**EXTRACTED INFORMATION**
lemma inj_power_mult_if:
  fixes h :: "'a::{field,finite} \<Rightarrow> 'a"
  assumes md: "m * d = card (UNIV :: 'a set) - 1" and "n > 0" "gcd n m = 1"
    and nonzero: "\<And>u. u ^ d = 1 \<Longrightarrow> h u \<noteq> 0"
    and inj_on: "inj_on (\<lambda>u. u ^ n * h u ^ m) {u. u ^ d = 1}"
  shows "inj (\<lambda>x. x ^ n * h (x ^ m))"
proof (rule injI)
  fix x y :: 'a
  assume eq: "x ^ n * h (x ^ m) = y ^ n * h (y ^ m)"
  have root: "(z ^ m) ^ d = 1" if "z \<noteq> 0" for z :: 'a
  proof -
    have "z ^ m \<in> (\<lambda>x. x ^ m) ` (- {0})" using that by blast
    then show ?thesis unfolding power_image_eq_roots_of_unity(1)[OF md] by simp
  qed
  have h_nonzero: "h (z ^ m) \<noteq> 0" if "z \<noteq> 0" for z :: 'a
    using nonzero[OF root[OF that]] .
  have value_eq_0_iff: "z ^ n * h (z ^ m) = 0 \<longleftrightarrow> z = 0" for z :: 'a
    using h_nonzero[of z] \<open>n > 0\<close> by (cases "z = 0") simp_all
  show "x = y"
  proof (cases "x = 0 \<or> y = 0")
    case True
    then show ?thesis using eq value_eq_0_iff[of x] value_eq_0_iff[of y] by auto
  next
    case False
    have "(x ^ m) ^ n * h (x ^ m) ^ m = (y ^ m) ^ n * h (y ^ m) ^ m"
      using arg_cong[OF eq, of "\<lambda>z. z ^ m"]
      by (simp add: power_mult_distrib power_mult[symmetric] mult.commute)
    then have xm: "x ^ m = y ^ m"
      by (rule inj_onD[OF inj_on]) (use root False in simp_all)
    with eq h_nonzero[of x] False have xn: "x ^ n = y ^ n" by simp
    have ratio: "(x / y) ^ n = 1" "(x / y) ^ m = 1"
      using xn xm False by (simp_all add: power_divide)
    obtain i j where "n * i = m * j + 1"
      using bezout_nat[of n m] \<open>n > 0\<close> \<open>gcd n m = 1\<close> by auto
    then have "x / y = ((x / y) ^ n) ^ i / ((x / y) ^ m) ^ j"
      using False by (simp add: power_mult[symmetric] power_add)
    then show "x = y" using ratio False by simp
  qed
qed

lemma inj_power_mult_iff:
  fixes h :: "'a::{field,finite} \<Rightarrow> 'a"
  assumes "m * d = card (UNIV :: 'a set) - 1" "n > 0"
  shows "inj (\<lambda>x. x ^ n * h (x ^ m)) \<longleftrightarrow>
           gcd n m = 1 \<and> (\<forall>u. u ^ d = 1 \<longrightarrow> h u \<noteq> 0)
           \<and> inj_on (\<lambda>u. u ^ n * h u ^ m) {u. u ^ d = 1}"
proof (intro iffI conjI allI impI)
  assume inj: "inj (\<lambda>x. x ^ n * h (x ^ m))"
  have "m dvd card (UNIV :: 'a set) - 1" using assms(1) by (metis dvd_triv_left)
  then show "gcd n m = 1" using inj by (rule inj_power_mult_imp_gcd_eq_1)
  show "h u \<noteq> 0" if "u ^ d = 1" for u
    using inj_power_mult_imp_nonzero[OF assms inj that] .
  show "inj_on (\<lambda>u. u ^ n * h u ^ m) {u. u ^ d = 1}"
    using inj_power_mult_imp_inj_on[OF assms(1) inj] .
next
  assume "gcd n m = 1 \<and> (\<forall>u. u ^ d = 1 \<longrightarrow> h u \<noteq> 0)
            \<and> inj_on (\<lambda>u. u ^ n * h u ^ m) {u. u ^ d = 1}"
  then show "inj (\<lambda>x. x ^ n * h (x ^ m))"
    by (intro inj_power_mult_if[OF assms]) auto
qed

lemma cube_root_of_unity_power_eq_iff:
  fixes w :: "'a::field"
  assumes "w ^ 3 = 1" "w \<noteq> 1"
  shows "w ^ i = w ^ j \<longleftrightarrow> i mod 3 = j mod 3"
proof -
  have reduce: "w ^ k = w ^ (k mod 3)" for k
    by (metis assms(1) div_mult_mod_eq mult.commute power_add power_mult power_one mult_1)
  have "w \<noteq> - 1"
  proof
    assume "w = - 1"
    with assms(1) have "w = 1" by (simp add: power3_eq_cube)
    with assms(2) show False ..
  qed
  then have "(w - 1) * (w + 1) \<noteq> 0" "(w - 1) * w \<noteq> 0"
    using assms by (auto simp: add_eq_0_iff equation_minus_iff)
  then have "w ^ 2 \<noteq> 1" "w ^ 2 \<noteq> w" "w \<noteq> 1"
    using assms(2) by (auto simp: algebra_simps power2_eq_square)
  moreover have "k mod 3 = 0 \<or> k mod 3 = 1 \<or> k mod 3 = 2" for k :: nat by presburger
  ultimately have "w ^ (i mod 3) = w ^ (j mod 3) \<longleftrightarrow> i mod 3 = j mod 3"
    by (metis power_0 power_one_right)
  then show ?thesis by (simp only: reduce[of i] reduce[of j])
qed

**TASK GOAL**
Where does the string "symmetric" appear in the records above? Show every line that holds it.

**OUTPUT BELOW**
      by (simp add: power_mult_distrib power_mult[symmetric] mult.commute)
      using False by (simp add: power_mult[symmetric] power_add)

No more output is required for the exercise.